In Peter Cook and Dudley Moore’s classic film Bedazzled, as well as its maligned 2000 remake by Harold Ramis, the number of wishes available for transaction increases to seven. While watching this movie and laughing rather half-heartedly at the script’s various hijinks, I started thinking about that question once again: what would I do if I’d been guaranteed seven wishes? (Being the person who set the parameters of this hypothetical scenario, I naturally removed the inconvenient clause wherein my soul would be forfeited upon completion.)
Well for one thing, I’d definitely not be asking for the sort of relationship that Brendan Fraser has with Frances O’Connor in the movie. Back in the early 2000s, Fraser was widely considered the epitome of coolness; to see his character pining over O’Connor’s Alison in the most awkward and cringe-worthy of ways was therefore a real shock.
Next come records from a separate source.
(* There is a universal constant $C>0$ such that for every $m\ge0$, every $\Lambda>0$ and every $\psi\in\mathcal H$ lying in the $m$-photon sector with $\|p\psi\|<\infty$ and $(\psi,H_f\psi)<\infty$, \[ \big(\sigma\cdot E^*\psi,\,(p^2+H_f)^{-1}\,\sigma\cdot E^*\psi\big)\le \varepsilon_E\,\|\psi\|^2 + C\Lambda\big(\|p\psi\|^2+\Lambda\,(\psi,H_f\psi)\big), \] where $\varepsilon_E=\sum_{\lambda=1,2}\int_{\mathbb R^3}\frac{|H^\lambda(k)|^2}{|k|^2+|k|}\,dk$.
   Context: $p=-i\nabla_x$. Hilbert space $\mathcal H = L^2(\mathbb R^3;\mathbb C^2)\otimes\mathcal F_b(L^2(\mathbb R^3;\mathbb C^2))$ with bosonic operators $a_\lambda(k),a^*_\lambda(k)$ ($\lambda=1,2$) obeying the canonical commutation relations; the $m$-photon sector is the subspace of vectors whose Fock component is an $m$-particle state. Polarization vectors $\varepsilon_\lambda(k)\in\mathbb R^3$ with $\{k/|k|,\varepsilon_1(k),\varepsilon_2(k)\}$ orthonormal and $\varepsilon_\lambda(-k)=\pm\varepsilon_\lambda(k)$. $\chi(|k|)=1$ for $|k|\le\Lambda$, $0$ otherwise. $H^\lambda(k)=\frac{-i\chi(|k|)}{2\pi|k|^{1/2}}k\wedge\varepsilon_\lambda(k)$, $E(x)=\sum_\lambda\int H^\lambda(k)e^{ik\cdot x}a_\lambda(k)dk$ (a vector of operators) with adjoint $E^*$; $\sigma\cdot E^*=\sum_{j=1}^3\sigma_jE_j^*$ with $\sigma_j$ the Pauli matrices acting on the spin factor $\mathbb C^2$. $H_f=\sum_\lambda\int|k|a^*_\lambda(k)a_\lambda(k)dk$. *)

theory Defs
  imports "HOL-Analysis.Analysis"
begin

text \<open>Momentum representation: the electron variable is the momentum xi (Fourier
  variable of x), so p acts as multiplication by xi. A vector in the m-photon
  sector is a function psi xi ks s, where ks i = (k_i, lambda_i) for i < m
  (photon momentum and polarization in {1,2}) and s in {0,1} is the spin index.\<close>

type_synonym photon = "(real^3) \<times> nat"
type_synonym msector = "real^3 \<Rightarrow> (nat \<Rightarrow> photon) \<Rightarrow> nat \<Rightarrow> complex"

definition photon_measure :: "photon measure" where
  "photon_measure = lborel \<Otimes>\<^sub>M count_space {1,2}"

definition photons :: "nat \<Rightarrow> (nat \<Rightarrow> photon) measure" where
  "photons m = PiM {..<m} (\<lambda>_. photon_measure)"

definition polarization :: "(nat \<Rightarrow> real^3 \<Rightarrow> real^3) \<Rightarrow> bool" where
  "polarization eps \<longleftrightarrow>
     (\<forall>l\<in>{1,2}. eps l \<in> borel_measurable borel) \<and>
     (\<forall>k. k \<noteq> 0 \<longrightarrow>
        norm (eps 1 k) = 1 \<and> norm (eps 2 k) = 1 \<and>
        inner k (eps 1 k) = 0 \<and> inner k (eps 2 k) = 0 \<and> inner (eps 1 k) (eps 2 k) = 0) \<and>
     (\<forall>l\<in>{1,2}. \<forall>k. eps l (-k) = eps l k \<or> eps l (-k) = - eps l k)"

definition cutoff :: "real \<Rightarrow> real \<Rightarrow> real" where
  "cutoff \<Lambda> r = (if r \<le> \<Lambda> then 1 else 0)"

definition Hvec :: "(nat \<Rightarrow> real^3 \<Rightarrow> real^3) \<Rightarrow> real \<Rightarrow> nat \<Rightarrow> real^3 \<Rightarrow> complex^3" where
  "Hvec eps \<Lambda> l k = (\<chi> j. - \<i> * complex_of_real
      (cutoff \<Lambda> (norm k) / (2 * pi * sqrt (norm k)) * (cross3 k (eps l k)) $ j))"

text \<open>Pauli matrices sigma_1, sigma_2, sigma_3 (indices of type 3: 1, 2, 3), spin indices 0,1.\<close>
definition pauli :: "3 \<Rightarrow> nat \<Rightarrow> nat \<Rightarrow> complex" where
  "pauli j s t =
     (if j = 1 then (if s \<noteq> t then 1 else 0)
      else if j = 2 then (if s = 0 \<and> t = 1 then - \<i> else if s = 1 \<and> t = 0 then \<i> else 0)
      else (if s = t then (if s = 0 then 1 else -1) else 0))"

definition remove_at :: "nat \<Rightarrow> nat \<Rightarrow> (nat \<Rightarrow> photon) \<Rightarrow> (nat \<Rightarrow> photon)" where
  "remove_at m i ks = (\<lambda>j. if j < m then (if j < i then ks j else ks (Suc j)) else undefined)"

text \<open>Component j of E^* applied to an m-photon vector, giving an (m+1)-photon vector,
  in the momentum representation: e^{-ik.x} becomes the shift xi |-> xi + k.\<close>
definition Estar :: "(nat \<Rightarrow> real^3 \<Rightarrow> real^3) \<Rightarrow> real \<Rightarrow> nat \<Rightarrow> msector \<Rightarrow> 3 \<Rightarrow> msector" where
  "Estar eps \<Lambda> m \<psi> j xi ks s =
     complex_of_real (1 / sqrt (real (Suc m))) *
     (\<Sum>i<Suc m. cnj (Hvec eps \<Lambda> (snd (ks i)) (fst (ks i)) $ j) *
                 \<psi> (xi + fst (ks i)) (remove_at m i ks) s)"

definition sigmaEstar :: "(nat \<Rightarrow> real^3 \<Rightarrow> real^3) \<Rightarrow> real \<Rightarrow> nat \<Rightarrow> msector \<Rightarrow> msector" where
  "sigmaEstar eps \<Lambda> m \<psi> xi ks s =
     (\<Sum>j\<in>UNIV. \<Sum>t<2. pauli j s t * Estar eps \<Lambda> m \<psi> j xi ks t)"

definition sector_vector :: "nat \<Rightarrow> msector \<Rightarrow> bool" where
  "sector_vector m \<psi> \<longleftrightarrow>
     (\<forall>s<2. (\<lambda>(xi, ks). \<psi> xi ks s) \<in> borel_measurable (lborel \<Otimes>\<^sub>M photons m)) \<and>
     (\<integral>\<^sup>+ xi. (\<integral>\<^sup>+ ks. (\<Sum>s<2. ennreal ((cmod (\<psi> xi ks s))\<^sup>2)) \<partial>photons m) \<partial>lborel) < \<infinity> \<and>
     (\<forall>\<pi> xi ks s. \<pi> permutes {..<m} \<longrightarrow> \<psi> xi (\<lambda>i. ks (\<pi> i)) s = \<psi> xi ks s)"

definition norm_sq :: "nat \<Rightarrow> msector \<Rightarrow> ennreal" where
  "norm_sq m \<psi> = (\<integral>\<^sup>+ xi. (\<integral>\<^sup>+ ks. (\<Sum>s<2. ennreal ((cmod (\<psi> xi ks s))\<^sup>2)) \<partial>photons m) \<partial>lborel)"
It’s not that I didn’t enjoy him as a wannabe Colombian drug lord, or a dim-witted NBA player — in fact, those scenes showed exactly why his eventual Oscar was definitely warranted — but it was uncomfortably reflective of some of my own personal experiences, and I didn’t really like being reminded of how pathetic it could be. I can therefore say for sure that this movie instilled a sense of clarity within me: that an obsession with the goddess of my dreams, however marvellous it may seem, is not the sort of thing that I’m looking for.
Or can I?
The first lesson I was taught in Economics class is that every human has an unlimited number of wants and desires. We might have enough to sustain ourselves, but that’s never enough: we want more, we want better. That simple theory has underpinned a lot of great work: Mad Men and Breaking Bad are just two obvious examples. The funny thing about these desires is that we’re very rarely conscious that they exist: we spend days and weeks convincing ourselves that we’re happy with our current situation, but given the slightest opportunity to do so, we might find ourselves wanting so much more. Look at the scene where the Devil lets Elliot into his crush’s bedroom: he didn’t even ask to be there in the first place, but as the temptations pile up his thirst becomes hard to slake — peering in her diary, watching her strip naked right in front of him.
This is what worries me so much: can we really ever know what we want? It was so easy for the Devil to find chinks in Elliot’s armour, and exploit them: granted, he wasn’t actually refusing any of those enticements, but throughout the movie she (he? They?) have him in the palm of her hand. Perhaps my own upbringing has taught me to jump at the first sign of temptation, to see possible places to fall everywhere — but at the same time, I feel like this is a question that everyone’s asking in media these days as well. Can we ever reach a point where we look at what we have and go “okay, that’s enough”? Or are we as animals primed to keep on hoarding, keep on hungering after things that we don’t even really need?
The endings of both the Cook-Moore Bedazzled and the Ramis remake offer us an answer — but different ones. In the 1967 original, Moore actually uses up all seven of his wishes and only escapes eternal damnation because Cook’s devilish proxy is feeling generous; he returns to his lowly job as a cook at a fast-food shop and is still an insecure man without his dream girl, only now he recognises the virtue (?) of achieving his goals without shortcuts. That’s one tiny, miniscule change, expressed in one short line (“no thanks, I’d like to try it my way”), but it’s still significant: he’s still the same guy, he’s not completely freed from desire, but he learns to live with it all.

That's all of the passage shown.